In Texas, for example, the Texas Department of Public Safety maintains the criminal data base. Access it by going to the department's online criminal history name search page and entering the person's name. The site explains the process and how to pay the minimal charge for the information.
Most states provide similar access to their criminal databases. To find one for a particular state, do a search for the name of the state plus the term "criminal database search." Using this search term for Washington State brings up the Washington State Patrol's Criminal Records page, where you can begin your search. Each state provides criminal conviction records that include the prisoner's name, a comprehensive list of all convictions including the name of each crime and the corresponding sentence.
The U.S. government maintains several criminal databases, including the Department of Justice's National Crime Information Center (NCIC), administered by the FBI. Of the several federal criminal record databases, the NCIC's is the most comprehensive.

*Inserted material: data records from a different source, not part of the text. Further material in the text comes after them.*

lemma deriv_le_chord_if_deriv_midpoint_le_slope:
  fixes f g :: "real \<Rightarrow> real"
  assumes J: "connected J"
    and der: "\<And>x. x \<in> J \<Longrightarrow> (f has_real_derivative g x) (at x)"
    and g: "continuous_on J g"
    and mid: "\<And>a b. a \<in> J \<Longrightarrow> b \<in> J \<Longrightarrow> a < b \<Longrightarrow> g ((a + b) / 2) \<le> (f b - f a) / (b - a)"
    and xz: "x \<in> J" "z \<in> J" "x < z" and y: "y \<in> {x..z}"
  shows "g y \<le> g x + (g z - g x) / (z - x) * (y - x)"
proof (rule ccontr)
  define s where "s = (g z - g x) / (z - x)"
  define \<phi> where "\<phi> t = g t - (g x + s * (t - x))" for t
  assume "\<not> ?thesis"
  then have "0 < \<phi> y"
    by (simp add: \<phi>_def s_def)
  have "\<phi> x = 0" "\<phi> z = 0"
    using xz by (simp_all add: \<phi>_def s_def)
  have sub: "{x..z} \<subseteq> J"
    using connected_contains_Icc J xz by blast
  have cont: "continuous_on {x..z} \<phi>"
    unfolding \<phi>_def by (intro continuous_intros continuous_on_subset[OF g sub])
  obtain p q where pq: "x \<le> p" "p < q" "q \<le> z" and "\<phi> p = 0 \<or> \<phi> q = 0"
    and max: "\<And>t. t \<in> {x..z} \<Longrightarrow> \<phi> t \<le> \<phi> ((p + q) / 2)" and "0 < \<phi> ((p + q) / 2)"
    using centred_interval_at_max[OF cont \<open>\<phi> x = 0\<close> \<open>\<phi> z = 0\<close> y \<open>0 < \<phi> y\<close>] by blast
  define c where "c = (p + q) / 2"
  define F where "F t = f t - (g x * t + s * (t - x)\<^sup>2 / 2)" for t
  have "\<phi> t = \<phi> c" if "t \<in> {p..q}" for t
    unfolding c_def
  proof (rule deriv_const_if_midpoint_max_le_slope[OF pq(2) _ _ _ _ that])
    show "(F has_real_derivative \<phi> u) (at u)" if "u \<in> {p..q}" for u
    proof -
      have "u \<in> J"
        using sub pq that by auto
      then show ?thesis
        unfolding F_def[abs_def] \<phi>_def
        by (auto intro!: derivative_eq_intros der simp: field_simps power2_eq_square)
    qed
    show "continuous_on {p..q} \<phi>"
      using cont by (rule continuous_on_subset) (use pq in auto)
    show "\<phi> u \<le> \<phi> ((p + q) / 2)" if "u \<in> {p..q}" for u
      using max[of u] that pq by auto
    have "p \<in> J" "q \<in> J"
      using sub pq by auto
    with mid pq(2) have "g c * (q - p) \<le> f q - f p"
      unfolding c_def by (simp add: pos_le_divide_eq)
    moreover have "F q - F p - \<phi> c * (q - p) = f q - f p - g c * (q - p)"
      unfolding F_def \<phi>_def c_def by (simp add: power2_eq_square field_simps)
    ultimately show "\<phi> ((p + q) / 2) * (q - p) \<le> F q - F p"
      unfolding c_def[symmetric] by linarith
  qed
  from this[of p] this[of q] pq \<open>\<phi> p = 0 \<or> \<phi> q = 0\<close> \<open>0 < \<phi> ((p + q) / 2)\<close> show False
    by (auto simp: c_def)
qed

The Freedom of Information Act guarantees access to this comprehensive database. Nevertheless, as a practical matter, when conducting a search for another person's criminal record and the sentences imposed, you're better off beginning with one of the state databases. NCIC's policy is to release law enforcement information about a living person without that person's consent only when no personal privacy interest is invaded or in cases where the individual's privacy interest is outweighed by a strong public interest in disclosure.
For example, if you're a law enforcement professional investigating a serious crime, strong public interest in solving the crime would likely result in the NCIC's release of the criminal's history. But if you're considering marrying someone and simply want to know if they have a criminal record, the NCIC would not ordinarily release that information.
Sheriff's departments and municipal police departments often maintain criminal history databases. Public access varies by jurisdiction. You're usually better off beginning with the state database, where you can access all convictions within the state. Check your state's department of corrections database, as well. It may provide information such as prior aliases, crimes committed and time served in prison.
Check local county records. See if the specific county publishes public information online. Use this database to obtain the most up-to-date information. Search the national crime database to obtain information about the person's time served in prison in another state.
Conduct a criminal background check. Provide the person's address and the county in which the crime was committed. This can be done online and through private companies. Many offer search services online for a fee, but it's difficult to assess the quality of the search.
- A good alternative is to hire a professional or agency to conduct a full criminal background check.
- A lot of services available on the Internet will not search public records and may not provide an accurate check.